Bir saat o kadar çabuk geçiyor ki. Daha az önce geldik derken rehber sürenin dolduğunu ve geri dönmemiz gerektiğini söylüyor. Herkes yüzünde garip bir gülümsemeyle yanlarından ayrılıp, patikaya doğru ilerlemeye çalışırken birden yanımızdaki ağaçların arasında uzanmış, şekerleme yapan bir dişi görüyoruz. Uykulu gözlerle bize bakıyor. Fotoğraflarını çekmeye çalışırken arkamda bir hışırtı duyup geri dönüyorum. Biraz geride duran Tülin'in hemen arkasında, bodur bir ağacın tepesinde iri bir yavru bize bakıyor. Tülin o kadar yakın ki refleks olarak bir adım geri çekiliyor. Bir süre göz hizasında birbirlerine bakıyorlar. O sırada yavru dengesini kaybedip Tülin'in ayaklarının dibine yuvarlanıp bir sonraki çalılık arasında kayboluyor. Bu yakın temas sonrasında, kimsenin gorillere 7 metre kavramını öğretmediğini anlıyoruz. Yaklaşmak bize yasak ama onlara serbest.

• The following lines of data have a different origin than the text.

(* Let $G,H$ be graphs (connected or not, each with at least one vertex), and write $a=\widetilde\iota(G)$, $b=\widetilde\iota(H)$. Then $$\iota(G+H)=\begin{cases}\dfrac{ab-1}{a+b-2}, & a,b<\infty,\ a+b\neq2,\\[2mm] 1, & a=b=1,\\ \infty, & a+b=2,\ (a,b)\neq(1,1),\\ b, & a=\infty,\ b<\infty,\\ a, & b=\infty,\ a<\infty,\\ \infty, & a=b=\infty.\end{cases}$$
   Context: For a connected graph $G$ on vertices $v_1,\dots,v_n$, its distance matrix is $D=(d(v_i,v_j))_{i,j=1}^n$, where $d$ is the shortest-path distance; $\vec 1$ denotes the all-ones vector. $G$ is distance exceptional if $D\vec x=\vec 1$ has no solution. Curvature index $\iota(G)\in\mathbb{R}\cup\{\infty\}$ of a connected graph: if $D\vec x=\vec1$ has no solution or has a solution with $\vec 1^\top\vec x\neq0$, then $\iota(G)$ is the unique real number with $\{D\vec x:\vec 1^\top\vec x=1\}\cap\mathbb{R}\vec 1=\{\iota(G)\vec 1\}$; otherwise (solutions exist and all have $\vec 1^\top\vec x=0$) $\iota(G)=\infty$. The join $G+H$ is obtained from the disjoint union of $G$ and $H$ by adding all edges between $V(G)$ and $V(H)$. For a graph $G$ (possibly disconnected) on $n$ vertices, $\widetilde D(G)\in\mathbb{R}^{n\times n}$ is the principal submatrix indexed by $V(G)$ of the distance matrix of the cone $G+\mathsf{K}_1$; i.e. $\widetilde D(G)_{uv}=0$ if $u=v$, $1$ if $u\sim v$, and $2$ otherwise. The modified curvature index $\widetilde\iota(G)\in\mathbb{R}\cup\{\infty\}$ is defined exactly as $\iota$ with $D$ replaced by $\widetilde D(G)$: if $\widetilde D(G)\vec x=\vec 1$ has no solution or has a solution with $\vec1^\top\vec x\ne0$, then $\widetilde\iota(G)$ is the unique real with $\{\widetilde D(G)\vec x:\vec1^\top\vec x=1\}\cap\mathbb{R}\vec1=\{\widetilde\iota(G)\vec1\}$; otherwise $\widetilde\iota(G)=\infty$. *)

theory Defs
  imports "HOL-Analysis.Analysis" "HOL-Library.Extended_Real"
begin

text \<open>Real vectors indexed by V are functions V \<Rightarrow> real (values outside V
are irrelevant); a V\<times>V matrix is a function of two vertices.\<close>

definition graph :: "'a set \<Rightarrow> ('a \<Rightarrow> 'a \<Rightarrow> bool) \<Rightarrow> bool" where
  "graph V E \<longleftrightarrow> finite V \<and> V \<noteq> {} \<and> (\<forall>u v. E u v \<longrightarrow> E v u)
     \<and> (\<forall>u. \<not> E u u) \<and> (\<forall>u v. E u v \<longrightarrow> u \<in> V \<and> v \<in> V)"

definition walk_of_len :: "'a set \<Rightarrow> ('a \<Rightarrow> 'a \<Rightarrow> bool) \<Rightarrow> 'a \<Rightarrow> 'a \<Rightarrow> nat \<Rightarrow> bool" where
  "walk_of_len V E u v n \<longleftrightarrow> (\<exists>xs. length xs = Suc n \<and> xs ! 0 = u \<and> xs ! n = v
      \<and> set xs \<subseteq> V \<and> (\<forall>i<n. E (xs ! i) (xs ! Suc i)))"

text \<open>Shortest-path distance (meaningful when u, v are in the same component).\<close>
definition graph_dist :: "'a set \<Rightarrow> ('a \<Rightarrow> 'a \<Rightarrow> bool) \<Rightarrow> 'a \<Rightarrow> 'a \<Rightarrow> nat" where
  "graph_dist V E u v = (LEAST n. walk_of_len V E u v n)"

definition connected_graph :: "'a set \<Rightarrow> ('a \<Rightarrow> 'a \<Rightarrow> bool) \<Rightarrow> bool" where
  "connected_graph V E \<longleftrightarrow> graph V E \<and> (\<forall>u\<in>V. \<forall>v\<in>V. \<exists>n. walk_of_len V E u v n)"

definition dist_matrix :: "'a set \<Rightarrow> ('a \<Rightarrow> 'a \<Rightarrow> bool) \<Rightarrow> 'a \<Rightarrow> 'a \<Rightarrow> real" where
  "dist_matrix V E u v = real (graph_dist V E u v)"

text \<open>Modified distance matrix: principal submatrix of the distance matrix of the cone.\<close>
definition mod_dist_matrix :: "('a \<Rightarrow> 'a \<Rightarrow> bool) \<Rightarrow> 'a \<Rightarrow> 'a \<Rightarrow> real" where
  "mod_dist_matrix E u v = (if u = v then 0 else if E u v then 1 else 2)"

definition mat_vec :: "'a set \<Rightarrow> ('a \<Rightarrow> 'a \<Rightarrow> real) \<Rightarrow> ('a \<Rightarrow> real) \<Rightarrow> 'a \<Rightarrow> real" where
  "mat_vec V M x u = (\<Sum>v\<in>V. M u v * x v)"

text \<open>Generic curvature index of a square matrix M indexed by V, valued in
  \<real> \<union> {\<infinity>} (rendered in ereal; the value -\<infinity> never occurs).\<close>
definition curv_index :: "'a set \<Rightarrow> ('a \<Rightarrow> 'a \<Rightarrow> real) \<Rightarrow> ereal" where
  "curv_index V M =
    (if (\<not> (\<exists>x. \<forall>u\<in>V. mat_vec V M x u = 1))
        \<or> (\<exists>x. (\<forall>u\<in>V. mat_vec V M x u = 1) \<and> (\<Sum>v\<in>V. x v) \<noteq> 0)
     then ereal (THE c. {d. \<exists>x. (\<Sum>v\<in>V. x v) = 1 \<and> (\<forall>u\<in>V. mat_vec V M x u = d)} = {c})
     else \<infinity>)"

definition curvature_index :: "'a set \<Rightarrow> ('a \<Rightarrow> 'a \<Rightarrow> bool) \<Rightarrow> ereal" where
  "curvature_index V E = curv_index V (dist_matrix V E)"

definition mod_curvature_index :: "'a set \<Rightarrow> ('a \<Rightarrow> 'a \<Rightarrow> bool) \<Rightarrow> ereal" where
  "mod_curvature_index V E = curv_index V (mod_dist_matrix E)"

definition join_verts :: "'a set \<Rightarrow> 'b set \<Rightarrow> ('a + 'b) set" where
  "join_verts V W = Inl ` V \<union> Inr ` W"

fun join_edges :: "'a set \<Rightarrow> ('a \<Rightarrow> 'a \<Rightarrow> bool) \<Rightarrow> 'b set \<Rightarrow> ('b \<Rightarrow> 'b \<Rightarrow> bool)
    \<Rightarrow> 'a + 'b \<Rightarrow> 'a + 'b \<Rightarrow> bool" where
  "join_edges V E W F (Inl a) (Inl b) = E a b"
| "join_edges V E W F (Inr a) (Inr b) = F a b"
| "join_edges V E W F (Inl a) (Inr b) = (a \<in> V \<and> b \<in> W)"
| "join_edges V E W F (Inr a) (Inl b) = (a \<in> W \<and> b \<in> V)"

end

theory Submission
  imports Defs
begin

Biraz ileride geldiğimiz yol üzerinde oturan diğer bir erişkin dişi var. 3-4 metre mesafede kahverengi gözlerini bana dikiyor. O masum gözlere bakarken birden içimi büyük bir hüzün kaplıyor. Bu barışçıl, kendi halinde yaşayan canlılara yaptığımız kötülükler hızla beynimi kaplıyor. Onlara çektirdiğimiz acılar için çok ama çok özür dilemek istiyorum. Varolmamın ağırlığı altında ezilirken onunla bir süre vakit geçiriyorum. Daha sonra çalıların arasından yeni bir yol bulup patikaya ulaşıp gruba katılıyorum. İnişimiz daha kolay oluyor. İnişte mola verip öğle yemeğimizi ormana karşı atıştırıyoruz.
Otelimize dönerken yol boyunca sırıttığımı hissediyorum. Daha önce bu kadar keyif aldığım kaç şey yapmıştım acaba?
Aklımda çok sevdiğim bir söz ; "Yaşam, aldığımız nefes sayısıyla değil, nefesimizi kesen anların sayısıyla ölçülür"
Bu arada; bekçinin sırtındaki silah ormanda yaşayan fillere karşı bir güvenlik önlemi. Amaç, eğer filler ile karşılaşırsak ve bize fazla yaklaşırlarsa havaya ateş açıp fillerin uzaklaşmasını sağlamak.
....
Not: İzlememişler için 1988 yapımı, Sigourney Weaver'ın başrolde oynadığı, ünlü primatolog Dian Fossey'in hayatını anlatan "Gorillas In The Mist" filmini öneririm.